If you haven’t heard, we are officially in the fourth industrial revolution and artificial intelligence is already applied all around us. AI will continually become more prevalent in our daily and business lives – apparently to our benefit.


To understand the fourth industrial revolution there is merit in reflecting on the first three industrial revolutions. During the first industrial revolution water and steam power were used to mechanise production. The second used electric power to create mass production and the third used electronics and information technology to automate production. The fourth industrial revolution is a digital revolution that is characterised by a synthesis of technologies that is blurring the lines between the physical, digital, and biological spheres.

According to Klaus Schwab, Founder and Executive Chairman of the World Economic Forum “The Fourth Industrial Revolution … will change not only what we do but also who we are. It will affect our identity and all the issues associated with it: our sense of privacy, our notions of ownership, our consumption patterns, the time we devote to work and leisure, and how we develop our careers, cultivate our skills, meet people, and nurture relationships.”


The fourth resolution with its fusion of technologies will dramatically affect companies, thus, directors on boards need to consider the associated opportunities and risk.

A startling idea is the concept of the AI director or also called the Robo-Director. It is not a new concept as Deep Knowledge, a Japanese venture capital firm, appointed a robot named VITAL (Validating Investment Tool for Advancing Life Sciences) as a director to the board in 2014 with the specific function to assist in analysing financial and scientific data to better inform investment decisions made by partners and the board of directors.

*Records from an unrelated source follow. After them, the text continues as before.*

lemma sigma_algebra_prog_exp:
  assumes t: "0 \<le> t"
  shows "sigma_algebra (space M) (prog_exp M F \<tau> t)"
proof -
  interpret Ft: sigma_algebra "space M" "F t" by (rule sigma_algebra_H[OF t])
  interpret G: sigma_algebra "space M" "G_infty M F \<tau>" by (rule sigma_algebra_G_infty)
  let ?S = "{\<omega>\<in>space M. t < \<tau> \<omega>}"
  show ?thesis unfolding sigma_algebra_iff2
  proof (intro conjI ballI allI impI)
    show "prog_exp M F \<tau> t \<subseteq> Pow (space M)"
      unfolding prog_exp_def using G.space_closed by auto
    show "{} \<in> prog_exp M F \<tau> t" unfolding prog_exp_def by auto
  next
    fix B assume "B \<in> prog_exp M F \<tau> t"
    then obtain Bt where B: "B \<in> G_infty M F \<tau>" "Bt \<in> F t" "B \<inter> ?S = Bt \<inter> ?S"
      unfolding prog_exp_def by blast
    then have "(space M - B) \<inter> ?S = (space M - Bt) \<inter> ?S" by blast
    then show "space M - B \<in> prog_exp M F \<tau> t" unfolding prog_exp_def using B by auto
  next
    fix A :: "nat \<Rightarrow> 'a set" assume "range A \<subseteq> prog_exp M F \<tau> t"
    then have "\<forall>i. \<exists>Bt. A i \<in> G_infty M F \<tau> \<and> Bt \<in> F t \<and> A i \<inter> ?S = Bt \<inter> ?S"
      unfolding prog_exp_def by blast
    then obtain B where B: "\<And>i. A i \<in> G_infty M F \<tau>" "\<And>i. B i \<in> F t" "\<And>i. A i \<inter> ?S = B i \<inter> ?S"
      by metis
    have "(\<Union>i. A i) \<inter> ?S = (\<Union>i. B i) \<inter> ?S" using B(3) by blast
    moreover have "(\<Union>i. A i) \<in> G_infty M F \<tau>" "(\<Union>i. B i) \<in> F t" using B(1,2) by auto
    ultimately show "(\<Union>i. A i) \<in> prog_exp M F \<tau> t" unfolding prog_exp_def by blast
  qed
qed

lemma F_subset_prog_exp: "0 \<le> t \<Longrightarrow> F t \<subseteq> prog_exp M F \<tau> t"
  using F_subset_G_infty unfolding prog_exp_def by blast

lemma sigma_algebra_min_exp:
  assumes "0 \<le> t"
  shows "sigma_algebra (space M) (min_exp M F \<tau> t)"
proof -
  have "F t \<subseteq> Pow (space M)" using sets_H[OF assms] sets.sets_into_space by blast
  then show ?thesis unfolding min_exp_def by (intro sigma_algebra_sigma_sets) auto
qed

lemma tau_le_in_min_exp: "q \<le> t \<Longrightarrow> {\<omega>\<in>space M. \<tau> \<omega> \<le> q} \<in> min_exp M F \<tau> t"
  unfolding min_exp_def by (rule sigma_sets.Basic) blast

lemma min_exp_subset_prog_exp:
  assumes t: "0 \<le> t"
  shows "min_exp M F \<tau> t \<subseteq> prog_exp M F \<tau> t"
  unfolding min_exp_def
proof (rule sigma_algebra.sigma_sets_subset[OF sigma_algebra_prog_exp[OF t]])
  have "{\<omega>\<in>space M. \<tau> \<omega> \<le> s} \<in> prog_exp M F \<tau> t" if "s \<le> t" for s
  proof -
    have "{\<omega>\<in>space M. \<tau> \<omega> \<le> s} \<inter> {\<omega>\<in>space M. t < \<tau> \<omega>} = {} \<inter> {\<omega>\<in>space M. t < \<tau> \<omega>}"
      using that by auto
    then show ?thesis using tau_le_in_G_infty empty_in_H[OF t] unfolding prog_exp_def by blast
  qed
  then show "F t \<union> {{\<omega>\<in>space M. \<tau> \<omega> \<le> s} | s. s \<le> t} \<subseteq> prog_exp M F \<tau> t"
    using F_subset_prog_exp[OF t] by auto
qed

lemma prog_exp_mono:
  assumes "0 \<le> s" "s \<le> t"
  shows "prog_exp M F \<tau> s \<subseteq> prog_exp M F \<tau> t"
proof
  fix B assume "B \<in> prog_exp M F \<tau> s"
  then obtain Bs where B: "B \<in> G_infty M F \<tau>" "Bs \<in> F s"
      "B \<inter> {\<omega>\<in>space M. s < \<tau> \<omega>} = Bs \<inter> {\<omega>\<in>space M. s < \<tau> \<omega>}"
    unfolding prog_exp_def by blast
  moreover have "{\<omega>\<in>space M. t < \<tau> \<omega>} \<subseteq> {\<omega>\<in>space M. s < \<tau> \<omega>}" using assms by auto
  ultimately have "B \<inter> {\<omega>\<in>space M. t < \<tau> \<omega>} = Bs \<inter> {\<omega>\<in>space M. t < \<tau> \<omega>}" by blast
  then show "B \<in> prog_exp M F \<tau> t" unfolding prog_exp_def using B H_mono[OF assms] by blast
qed

lemma filtration_on_prog_exp: "filtration_on M (prog_exp M F \<tau>)"
  unfolding filtration_on_def using sigma_algebra_prog_exp prog_exp_mono sets_G_infty
  by (auto simp: prog_exp_def)

lemma min_exp_mono: "0 \<le> s \<Longrightarrow> s \<le> t \<Longrightarrow> min_exp M F \<tau> s \<subseteq> min_exp M F \<tau> t"
  unfolding min_exp_def using H_mono by (intro sigma_sets_mono') auto

lemma filtration_on_min_exp: "filtration_on M (min_exp M F \<tau>)"
proof -
  have "min_exp M F \<tau> t \<subseteq> sets M" if "0 \<le> t" for t
    using min_exp_subset_prog_exp[OF that] sets_G_infty by (auto simp: prog_exp_def)
  then show ?thesis unfolding filtration_on_def using sigma_algebra_min_exp min_exp_mono by simp
qed

sublocale G: filtered_prob_space M "prog_exp M F \<tau>"
  by unfold_locales (rule filtration_on_prog_exp)

sublocale G': filtered_prob_space M "min_exp M F \<tau>"
  by unfold_locales (rule filtration_on_min_exp)

definition N :: "real \<Rightarrow> 'a \<Rightarrow> real" where
  "N t \<omega> = indicator {\<omega>'. \<tau> \<omega>' \<le> t} \<omega>"

lemma N_eq: "N t \<omega> = (if \<tau> \<omega> \<le> t then 1 else 0)"
  by (simp add: N_def indicator_def)

lemma measurable_N [measurable]: "N t \<in> borel_measurable M"
  unfolding N_eq by measurable

lemma integrable_N: "integrable M (N t)"
  by (rule integrable_const_bound[where B=1]) (auto simp: N_eq)

lemma integrable_increasing_N: "integrable_increasing M N"
  unfolding integrable_increasing_def
proof (intro conjI ballI allI impI)
  fix \<omega> assume w: "\<omega> \<in> space M"
  show "N 0 \<omega> = 0" using \<tau>_pos[OF w] by (simp add: N_eq)
  show "mono_on {0..} (\<lambda>t. N t \<omega>)" by (rule mono_onI) (auto simp: N_eq)
  fix t :: real
  have "\<forall>\<^sub>F s in at_right t. N s \<omega> = N t \<omega>"
  proof (cases "\<tau> \<omega> \<le> t")
    case True
    then show ?thesis by (auto simp: N_eq eventually_at_right_field intro!: exI[of _ "t + 1"])
  next
    case False
    then show ?thesis by (auto simp: N_eq eventually_at_right_field intro!: exI[of _ "\<tau> \<omega>"])
  qed
  then show "continuous (at_right t) (\<lambda>s. N s \<omega>)"
    unfolding continuous_within by (rule tendsto_eventually)
qed (rule integrable_N)

lemma compensator_integrable_increasing:
  assumes "compensator M H \<tau> A"
  shows "integrable_increasing M A"
proof -
  have NA: "integrable M (\<lambda>\<omega>. N t \<omega> - A t \<omega>)" if "0 \<le> t" for t
    using assms that unfolding compensator_def martingale_def N_def by auto
  have "integrable M (A t)" if "0 \<le> t" for t
  proof -
    have "integrable M (\<lambda>\<omega>. N t \<omega> - (N t \<omega> - A t \<omega>))"
      using integrable_N[of t] NA[OF that] by (rule Bochner_Integration.integrable_diff)
    then show ?thesis by simp
  qed
  then show ?thesis using assms unfolding integrable_increasing_def compensator_def by auto
qed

In a survey of 800 delegates at the 2015 World Economic Forum’s Global Agenda Council in Dalian, China it was believed that the AI directors would be a reality around 2025.

Adriaan Louw and Patrick Bacher of Norton Rose Fulbright are of the opinion that AI is rapidly developing and may in the future get a seat at the boardroom table. Their view is that the ability of AI to fulfil data collection and processing tasks at exponentially speeds compared to its human counterparts means that businesses cannot function properly without the use of AI.

James Matcher of EY is of the view that directors would definitely be able to benefit from the support of AI in terms of analytics and speed, but that Robo-Directors would not become a reality in South Africa in the short term. He added that matters to be considered included the ethics thereof and that there were a lot of discomfort about the point at which machines would be deemed to have become sentient.


The reason VITAL could be appointed as a director on the Deep Knowledge board is that Hong Kong allows juristic persons to be directors. The same is not the case in South Africa as Section 66 of the Companies 71 of 2008 (Companies Act) states that a juristic person is excluded from serving as a director on the board of a company.

This interpretation assumes that a Robo-Director would be classified as a juristic person, but we should note that should it not be the case that there would technically not be a preclusion for such an appointment.

The fact is directors owe a fiduciary duty to the company. Some writers are of the view that the duty of good faith and acting in the best interest of the company therefore excludes the Robo-Director from being appointed. However, in speaking to coders and futurists they are convinced that one could hardcode “good faith” and “best interest” into AI.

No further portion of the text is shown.